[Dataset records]

lemma sum_centred_difference_odd:
  assumes sm: "smooth_fun f"
  shows "(\<Sum>j\<in>J. \<gamma> j * ((f (p + h *\<^sub>R (a - u j)) - f (p + h *\<^sub>R (a + u j))) / 2))
      = - h * dderiv (\<Sum>j\<in>J. \<gamma> j *\<^sub>R u j) f p - h\<^sup>2 * dderiv a (dderiv (\<Sum>j\<in>J. \<gamma> j *\<^sub>R u j) f) p
        + (\<Sum>j\<in>J. \<gamma> j * ((taylor2_rem f p (a - u j) h - taylor2_rem f p (a + u j) h) / 2))"
proof -
  have "(\<Sum>j\<in>J. \<gamma> j * ((f (p + h *\<^sub>R (a - u j)) - f (p + h *\<^sub>R (a + u j))) / 2))
      = (\<Sum>j\<in>J. - h * (\<gamma> j * dderiv (u j) f p) - h\<^sup>2 * (\<gamma> j * dderiv a (dderiv (u j) f) p)
          + \<gamma> j * ((taylor2_rem f p (a - u j) h - taylor2_rem f p (a + u j) h) / 2))"
    unfolding centred_difference_odd[OF sm] by (intro sum.cong refl) (simp add: algebra_simps)
  then show ?thesis
    by (simp only: sum.distrib sum_subtractf dderiv_sum[OF sm] dderiv_scaleR[OF sm]
        dderiv2_sum[OF sm] dderiv2_scaleR[OF sm] flip: sum_distrib_left)
qed

lemma sum_centred_difference_even:
  assumes sm: "smooth_fun f"
  shows "(\<Sum>j\<in>J. \<gamma> j * ((f (p + h *\<^sub>R (a - u j)) + f (p + h *\<^sub>R (a + u j))) / 2 - f (p + h *\<^sub>R a)))
      = h\<^sup>2 / 2 * (\<Sum>j\<in>J. \<gamma> j * dderiv (u j) (dderiv (u j) f) p)
        + (\<Sum>j\<in>J. \<gamma> j * ((taylor2_rem f p (a - u j) h + taylor2_rem f p (a + u j) h) / 2
                               - taylor2_rem f p a h))"
proof -
  have "(\<Sum>j\<in>J. \<gamma> j * ((f (p + h *\<^sub>R (a - u j)) + f (p + h *\<^sub>R (a + u j))) / 2 - f (p + h *\<^sub>R a)))
      = (\<Sum>j\<in>J. h\<^sup>2 / 2 * (\<gamma> j * dderiv (u j) (dderiv (u j) f) p)
          + \<gamma> j * ((taylor2_rem f p (a - u j) h + taylor2_rem f p (a + u j) h) / 2 - taylor2_rem f p a h))"
    unfolding centred_difference_even[OF sm] by (intro sum.cong refl) (simp add: algebra_simps)
  then show ?thesis
    by (simp only: sum.distrib flip: sum_distrib_left)
qed

lemma bigo_const_mult: "f \<in> O[F](g) \<Longrightarrow> (\<lambda>x. c * f x) \<in> O[F](g)"
  by simp

lemma bigo_divide_const: "f \<in> O[F](g) \<Longrightarrow> (\<lambda>x. f x / c) \<in> O[F](g)"
  by (cases "c = 0") simp_all

lemma bigo_cube_divide:
  fixes g :: "real \<Rightarrow> real"
  assumes "g \<in> O[at_right 0](\<lambda>h. h ^ 3)"
  shows "(\<lambda>h. g h / h) \<in> O[at_right 0](\<lambda>h. h\<^sup>2)"
proof -
  have nz: "\<forall>\<^sub>F h in at_right 0. h \<noteq> (0::real)"
    by (simp add: eventually_at_filter)
  have "(\<lambda>h. g h / h) \<in> O[at_right 0](\<lambda>h. h ^ 3 / h)"
    by (rule landau_o.big.divide_right[where h = "\<lambda>x. x", OF nz assms])
  also have "(\<lambda>h::real. h ^ 3 / h) \<in> \<Theta>[at_right 0](\<lambda>h. h\<^sup>2)"
    using nz by (intro bigthetaI_cong) (auto elim!: eventually_mono simp: power2_eq_square power3_eq_cube)
  finally show ?thesis .
qed

section \<open>Partial derivatives and multi-index sums\<close>

lemma pdt_eq_dderiv: "pdt = dderiv (1, 0)"
  unfolding pdt_def dderiv_def ..

lemma pdx_eq_dderiv: "pdx l = dderiv (0, axis l 1)"
  unfolding pdx_def dderiv_def ..

lemma taylor2_expansion_pdt:
  assumes sm: "smooth_fun f"
  shows "f (p + h *\<^sub>R (k *\<^sub>R (1, 0))) = f p + k * h * pdt f p + (k * h)\<^sup>2 / 2 * pdt (pdt f) p
    + taylor2_rem f p (k *\<^sub>R (1, 0)) h"
  unfolding taylor2_expansion[of f p h] pdt_eq_dderiv
  by (simp only: dderiv_scaleR[OF sm] dderiv_scaleR[OF smooth_fun_dderiv[OF sm]] dderiv2_scaleR[OF sm])
     (simp add: power2_eq_square algebra_simps)

lemma zero_pair_eq_sum_axis: "(0, x) = (\<Sum>l\<in>UNIV. x $ l *\<^sub>R (0, axis l 1))"
  by (simp add: prod_eq_iff fst_sum snd_sum vec_eq_iff sum_component axis_def if_distrib cong: if_cong)

lemma dderiv_space_eq_sum_pdx:
  assumes "smooth_fun g"
  shows "dderiv (0, x) g p = (\<Sum>l\<in>UNIV. x $ l * pdx l g p)"
  by (subst zero_pair_eq_sum_axis) (simp only: dderiv_sum[OF assms] dderiv_scaleR[OF assms] pdx_eq_dderiv)

lemma pmulti_eq_foldr:
  obtains xs where "mset xs = (\<Sum>l\<in>UNIV. replicate_mset (n l) l)" "pmulti n g = foldr pdx xs g"
  using someI_ex[OF ex_mset] unfolding pmulti_def by blast

lemma count_sum_replicate_mset: "count (\<Sum>k\<in>UNIV. replicate_mset (n k) k) x = n (x::'a::finite)"
  by (simp add: count_sum)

# REQUIREMENT:
Beginning at the line above that contains "unfolding taylor2_expansion[of f", return each line exactly through the line that contains "p = (\<Sum>l\<in>UNIV.", and no others.

# EXERCISE RESPONSE:
  unfolding taylor2_expansion[of f p h] pdt_eq_dderiv
  by (simp only: dderiv_scaleR[OF sm] dderiv_scaleR[OF smooth_fun_dderiv[OF sm]] dderiv2_scaleR[OF sm])
     (simp add: power2_eq_square algebra_simps)

lemma zero_pair_eq_sum_axis: "(0, x) = (\<Sum>l\<in>UNIV. x $ l *\<^sub>R (0, axis l 1))"
  by (simp add: prod_eq_iff fst_sum snd_sum vec_eq_iff sum_component axis_def if_distrib cong: if_cong)

lemma dderiv_space_eq_sum_pdx:
  assumes "smooth_fun g"
  shows "dderiv (0, x) g p = (\<Sum>l\<in>UNIV. x $ l * pdx l g p)"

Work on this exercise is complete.